→ Exercise description
Report how many lines in the data below hold the string "card". Nothing else should appear in the answer.

Stored data entries
§

(* Let $n,k,r\in\mathbb{N}$ with $n\ge 2k\ge 2r$. For any harmonic multilinear polynomial $P\in\mathbb{R}[x_1,\ldots,x_n]$, \[ \|P^{=r}\|^2\le 4^r\binom{k}{r}\,(W^r(P))^2. \]
   Context: A multilinear polynomial $P\in\mathbb{R}[x_1,\ldots,x_n]$ is harmonic if $\sum_{i=1}^n\partial P/\partial x_i=0$. $P^{=r}$ denotes the homogeneous degree-$r$ component of $P$. $\operatorname{Slice}(n,k)\subseteq\{0,1\}^n$ is the set of vectors with exactly $k$ ones; for functions $f,g$ on it, $\langle f,g\rangle=\mathbb{E}_{\sigma\sim\operatorname{Slice}(n,k)}[f(\sigma)g(\sigma)]$ (uniform measure) and $\|f\|=\sqrt{\langle f,f\rangle}$; polynomials are viewed as functions on $\operatorname{Slice}(n,k)$. $\operatorname{Slice}(n,k)$ is identified with $\binom{[n]}{k}$ via $\sigma\mapsto\{i:\sigma_i=1\}$, so $P$ defines a function on $\binom{[n]}{k}$. For $f\colon\binom{[n]}{k}\to\mathbb{R}$ and $r\le k$ with $n\ge 2k$, the level-$r$ weight is \[ W^r(f)=\left(\mathbb{E}_{(a_1,b_1,\ldots,a_r,b_r)}\Big(\mathbb{E}_{R}\,(-1)^{|R\cap\{b_1,\ldots,b_r\}|}f(R)\Big)^2\right)^{1/2}, \] where $(a_1,b_1,\ldots,a_r,b_r)$ is a uniformly random sequence of $2r$ distinct elements of $[n]$, and, given it, $R$ is a uniformly random $k$-subset of $[n]$ with $|R\cap\{a_i,b_i\}|=1$ for each $i\in[r]$. *)

theory Defs
  imports Complex_Main
begin

text \<open>A multilinear polynomial in x_0,...,x_{n-1} is represented by its coefficient
  function c :: nat set => real; only the coefficients c S with S a subset of {..<n} matter:
  P(x) = sum over S subset of {..<n} of c S * prod_{i in S} x_i.\<close>

definition mlpoly_eval :: "nat \<Rightarrow> (nat set \<Rightarrow> real) \<Rightarrow> (nat \<Rightarrow> real) \<Rightarrow> real" where
  "mlpoly_eval n c x = (\<Sum>S\<in>Pow {..<n}. c S * (\<Prod>i\<in>S. x i))"

definition mlpoly_deriv :: "nat \<Rightarrow> (nat set \<Rightarrow> real) \<Rightarrow> (nat set \<Rightarrow> real)" where
  "mlpoly_deriv i c = (\<lambda>T. if i \<notin> T then c (insert i T) else 0)"

definition harmonic :: "nat \<Rightarrow> (nat set \<Rightarrow> real) \<Rightarrow> bool" where
  "harmonic n c \<longleftrightarrow> (\<forall>T\<in>Pow {..<n}. (\<Sum>i<n. mlpoly_deriv i c T) = 0)"

definition hom_part :: "nat \<Rightarrow> (nat set \<Rightarrow> real) \<Rightarrow> (nat set \<Rightarrow> real)" where
  "hom_part r c = (\<lambda>S. if card S = r then c S else 0)"

definition slice :: "nat \<Rightarrow> nat \<Rightarrow> nat set set" where
  "slice n k = {R. R \<subseteq> {..<n} \<and> card R = k}"

definition poly_on_slice :: "nat \<Rightarrow> (nat set \<Rightarrow> real) \<Rightarrow> nat set \<Rightarrow> real" where
  "poly_on_slice n c R = mlpoly_eval n c (\<lambda>i. if i \<in> R then 1 else 0)"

§

→ Task response
2